§ **ASSIGNED TASK**: Locate the line that contains "with z True \<tau> show ?thesis by simp" in the entries below. Retype it and all following lines through the final one, character for character.
+++
lemma powr_le_of_bound_at_all_scales:
  fixes z a b s \<tau> :: real
  assumes z: "0 \<le> z" and a: "0 \<le> a" and b: "0 < b" and s: "0 < s" and \<tau>: "0 < \<tau>"
    and H: "\<And>\<rho>. 0 < \<rho> \<Longrightarrow> z \<le> a * \<rho> powr s + b * \<rho> powr (-\<tau>)"
  shows "z powr (s + \<tau>) \<le> 2 powr (s + \<tau>) * a powr \<tau> * b powr s"
proof (cases "a = 0")
  case True
  have "((\<lambda>\<rho>. b * \<rho> powr (-\<tau>)) \<longlongrightarrow> 0) at_top"
    using \<tau> by (intro tendsto_mult_right_zero tendsto_neg_powr filterlim_ident) auto
  moreover have "\<forall>\<^sub>F \<rho> in at_top. z \<le> b * \<rho> powr (-\<tau>)"
    using H True by (auto intro: eventually_mono[OF eventually_gt_at_top[of 0]])
  ultimately have "z \<le> 0" by (intro tendsto_le[OF trivial_limit_at_top_linorder _ tendsto_const])
  with z True \<tau> show ?thesis by simp
next
  case False
  with a have a: "0 < a" by simp
  define Q where "Q = a powr (\<tau> / (s + \<tau>)) * b powr (s / (s + \<tau>))"
  define \<rho> where "\<rho> = (b / a) powr (1 / (s + \<tau>))"
  have "ln (a * \<rho> powr s) = ln Q" "ln (b * \<rho> powr (-\<tau>)) = ln Q"
    using a b s \<tau> by (simp_all add: Q_def \<rho>_def ln_mult ln_powr ln_div divide_simps)
      (simp_all add: algebra_simps)
  then have "a * \<rho> powr s = Q" "b * \<rho> powr (-\<tau>) = Q"
    using a b by (simp_all add: Q_def \<rho>_def ln_inj_iff)
  moreover have "0 < \<rho>" using a b by (simp add: \<rho>_def)
  ultimately have "z \<le> 2 * Q" using H[of \<rho>] by simp
  then have "z powr (s + \<tau>) \<le> (2 * Q) powr (s + \<tau>)"
    using z s \<tau> by (intro powr_mono2) auto
  also have "\<dots> = 2 powr (s + \<tau>) * a powr \<tau> * b powr s"
    using a b s \<tau> by (simp add: Q_def powr_mult powr_powr)
  finally show ?thesis .
qed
+++
§ **EXERCISE RESPONSE**:
  with z True \<tau> show ?thesis by simp
next
  case False
  with a have a: "0 < a" by simp
  define Q where "Q = a powr (\<tau> / (s + \<tau>)) * b powr (s / (s + \<tau>))"
  define \<rho> where "\<rho> = (b / a) powr (1 / (s + \<tau>))"
  have "ln (a * \<rho> powr s) = ln Q" "ln (b * \<rho> powr (-\<tau>)) = ln Q"
    using a b s \<tau> by (simp_all add: Q_def \<rho>_def ln_mult ln_powr ln_div divide_simps)
      (simp_all add: algebra_simps)
  then have "a * \<rho> powr s = Q" "b * \<rho> powr (-\<tau>) = Q"
    using a b by (simp_all add: Q_def \<rho>_def ln_inj_iff)
  moreover have "0 < \<rho>" using a b by (simp add: \<rho>_def)
  ultimately have "z \<le> 2 * Q" using H[of \<rho>] by simp
  then have "z powr (s + \<tau>) \<le> (2 * Q) powr (s + \<tau>)"
    using z s \<tau> by (intro powr_mono2) auto
  also have "\<dots> = 2 powr (s + \<tau>) * a powr \<tau> * b powr s"
    using a b s \<tau> by (simp add: Q_def powr_mult powr_powr)
  finally show ?thesis .
qed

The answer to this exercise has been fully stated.